The results of the Big Ten were not great. Of the 20 bets in the Big Ten with a positive ROI, only two were correct: Michigan won the Big Ten East and Illinois won more than 3.5 games. Several of these bets were in direct conflict with each other, so it would have been difficult to get more than a few correct, but the math suggested that about five bets should have been correct. Using this data to place bets would have been a losing proposition.

Table 4 below lists the results of the other high ROI bets for the rest of the country.

Table 4: Revision of National Pre-Season Recommended Bets.

At first glance, these results seem worse than the Big Ten results. Of the 24 bets in this table, only one turned out to be correct: Northern Illinois won the MAC. However, this was also one of the highest value bets on the board. A $100 bet on the Huskies would have paid $25,000, which would have more than compensated for any incorrect bets in both tables 3 and 4.

Finally, Table 5 lists the results of the recommended total win bets for the regular season.

Table 5: Revision of recommended total win bets in the regular season.

In general, the bets in tables 3 and 4 were often long shots. In contrast, the seasonal over/under bets in Table 5 were much lower risk. However, of the 30 possible bets in Table 5, only 14 were correct, which was less than the expected value of 19.2. Again, the preseason rankings (which are the main input for my calculations) this year seemed less accurate than usual. Placing all 30 of these bets would also have been a losing proposition.
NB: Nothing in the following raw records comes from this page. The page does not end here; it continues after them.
(* Consider the GSEM described in the context in the "CDC" case: conditional on $\mathbf W=\mathbf w$, $X\sim N(\mu_x,\sigma_x^2)$ with $\mu_x=\mathbf w_1^\top\boldsymbol\beta_x$ and $Y\sim N(\mu_y,\sigma_y^2)$ with $\mu_y=\mathbf w^\top\boldsymbol\beta_y$ ($\sigma_x,\sigma_y>0$), and $M$ is Bernoulli with $P(M=1\mid\mathbf w)=\mathrm{expit}(\mathbf w^\top\boldsymbol\beta_m)$, $\mathrm{expit}(t)=e^t/(1+e^t)$ (so $M=1$ iff $Z_m^*>u_m(\mathbf w)$). Define $u_m(\mathbf w)=\Phi^{-1}(F_m(0\mid\mathbf w))=-\Phi^{-1}(\mathrm{expit}(\mathbf w^\top\boldsymbol\beta_m))$, and for real $z$, $p_z=\Phi(\tau_m u_m(\mathbf w)-\alpha z)$, $d_z=\phi(\tau_m u_m(\mathbf w)-\alpha z)$; let $z_x=(x-\mathbf w_1^\top\boldsymbol\beta_x)/\sigma_x$. Then for any $x_0,x_1$, $$\mathrm{NDE}(x_0,x_1;\mathbf w)=\frac{\sigma_y(\gamma+\alpha\beta)(z_{x_1}-z_{x_0})}{\tau_y}-\frac{\sigma_y\beta}{\tau_y}\left(\frac{p_{z_{x_0}}}{p_{z_{x_1}}}-\frac{1-p_{z_{x_0}}}{1-p_{z_{x_1}}}\right)d_{z_{x_1}},$$ $$\mathrm{NIE}(x_0,x_1;\mathbf w)=\frac{\sigma_y\beta}{\tau_y}\left(\frac{p_{z_{x_0}}}{p_{z_{x_1}}}-\frac{1-p_{z_{x_0}}}{1-p_{z_{x_1}}}\right)d_{z_{x_1}}.$$ Consequently, $\mathrm{NDE}(x_0,x_1;\mathbf w)=0$ if $\gamma=\beta=0$ or $\gamma=\alpha=0$, and $\mathrm{NIE}(x_0,x_1;\mathbf w)=0$ if $\alpha=0$ or $\beta=0$.
   Context: Generalized structural equation model (GSEM). Let $X$ (exposure), $M$ (mediator), $Y$ (outcome) be scalar random variables and $\mathbf W=(\mathbf W_1^\top,\mathbf W_2^\top)^\top$ a vector of confounders (first entry $1$), with $\mathbf w=(\mathbf w_1^\top,\mathbf w_2^\top)^\top$ a fixed value. Fix real parameters $\alpha,\beta,\gamma$ and let $(Z_x,Z_m,Z_y)$ be latent variables with $Z_x\sim N(0,1)$, $Z_m=\alpha Z_x+\epsilon_m$, $Z_y=\gamma Z_x+\beta Z_m+\epsilon_y$, where $Z_x,\epsilon_m,\epsilon_y$ are independent $N(0,1)$ (independent of $\mathbf W$). Put $\tau_m=\sqrt{\alpha^2+1}$, $\tau_y=\sqrt{(\gamma+\alpha\beta)^2+\beta^2+1}$, $Z_m^*=Z_m/\tau_m$, $Z_y^*=Z_y/\tau_y$ (each standard normal). Conditional on $\mathbf W=\mathbf w$, with marginal CDFs $F_x(\cdot\mid\mathbf w),F_m(\cdot\mid\mathbf w),F_y(\cdot\mid\mathbf w)$ given by generalized linear models, the observed variables are $X=F_x^{-1}(\Phi(Z_x))$, $M=F_m^{-1}(\Phi(Z_m^* ))$, $Y=F_y^{-1}(\Phi(Z_y^* ))$, where $\Phi,\phi$ denote the standard normal CDF and density and $F^{-1}$ is the generalized inverse (quantile function). Counterfactual mean: $\mathrm E\{Y(x_a,M(x_b))\mid\mathbf W=\mathbf w\}:=\mathrm E_M\{\mathrm E(Y\mid M,X=x_a,\mathbf W=\mathbf w)\mid X=x_b,\mathbf W=\mathbf w\}$. Conditional natural direct and indirect effects for a change of $X$ from $x_0$ to $x_1$: $\mathrm{NDE}(x_0,x_1;\mathbf w)=\mathrm E\{Y(x_1,M(x_0))\mid\mathbf w\}-\mathrm E\{Y(x_0,M(x_0))\mid\mathbf w\}$ and $\mathrm{NIE}(x_0,x_1;\mathbf w)=\mathrm E\{Y(x_1,M(x_1))\mid\mathbf w\}-\mathrm E\{Y(x_1,M(x_0))\mid\mathbf w\}$. *)

theory Defs
  imports "HOL-Probability.Probability"
begin

abbreviation phi :: "real \<Rightarrow> real" where "phi \<equiv> std_normal_density"

definition Phi :: "real \<Rightarrow> real" where
  "Phi t = (\<integral>s. indicator {..t} s * std_normal_density s \<partial>lborel)"

definition quantile :: "(real \<Rightarrow> real) \<Rightarrow> real \<Rightarrow> real" where
  "quantile F p = Inf {t. p \<le> F t}"

definition Phi_inv :: "real \<Rightarrow> real" where
  "Phi_inv = quantile Phi"

definition expit :: "real \<Rightarrow> real" where
  "expit t = exp t / (1 + exp t)"

definition normal_cdf :: "real \<Rightarrow> real \<Rightarrow> real \<Rightarrow> real" where
  "normal_cdf \<mu> \<sigma> x = (\<integral>s. indicator {..x} s * normal_density \<mu> \<sigma> s \<partial>lborel)"

definition bern_cdf :: "real \<Rightarrow> real \<Rightarrow> real" where
  "bern_cdf \<pi> t = (if t < 0 then 0 else if t < 1 then 1 - \<pi> else 1)"

definition lin :: "real list \<Rightarrow> real list \<Rightarrow> real" where
  "lin ws bs = (\<Sum>i<length ws. ws ! i * bs ! i)"

section \<open>The GSEM (conditional on W = w; marginal CDFs Fx Fm Fy already evaluated at w)\<close>

definition tau_m :: "real \<Rightarrow> real" where
  "tau_m \<alpha> = sqrt (\<alpha>\<^sup>2 + 1)"

definition tau_y :: "real \<Rightarrow> real \<Rightarrow> real \<Rightarrow> real" where
  "tau_y \<alpha> \<beta> \<gamma> = sqrt ((\<gamma> + \<alpha> * \<beta>)\<^sup>2 + \<beta>\<^sup>2 + 1)"

text \<open>Observed variables as functions of the latent Z_x = zx and the independent
  standard normal errors em, ey.\<close>
definition obsX :: "(real \<Rightarrow> real) \<Rightarrow> real \<Rightarrow> real" where
  "obsX Fx zx = quantile Fx (Phi zx)"

definition obsM :: "real \<Rightarrow> (real \<Rightarrow> real) \<Rightarrow> real \<Rightarrow> real \<Rightarrow> real" where
  "obsM \<alpha> Fm zx em = quantile Fm (Phi ((\<alpha> * zx + em) / tau_m \<alpha>))"

definition obsY :: "real \<Rightarrow> real \<Rightarrow> real \<Rightarrow> (real \<Rightarrow> real) \<Rightarrow> real \<Rightarrow> real \<Rightarrow> real \<Rightarrow> real" where
  "obsY \<alpha> \<beta> \<gamma> Fy zx em ey =
     quantile Fy (Phi ((\<gamma> * zx + \<beta> * (\<alpha> * zx + em) + ey) / tau_y \<alpha> \<beta> \<gamma>))"

text \<open>The latent value of Z_x corresponding to the event X = x (X is a strictly
  increasing function of Z_x in the continuous-exposure case).\<close>
definition latX :: "(real \<Rightarrow> real) \<Rightarrow> real \<Rightarrow> real" where
  "latX Fx x = (THE z. obsX Fx z = x)"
That said, the choices with the higher calculated ROI were more likely to be correct. In fact, 9 of the top 14 picks came true. If someone had placed just these top-14 bets (where the ROI was over $20.00), that person would have made $421 profit on a run of $100 bets.

Well, that’s all I have to say about the 2021-2022 college football season. It was fun. I plan to be back in the summer of 2022 to review the numbers for the upcoming college football season. As always I will share with you all the advice I have to give. Until then, enjoy and go green.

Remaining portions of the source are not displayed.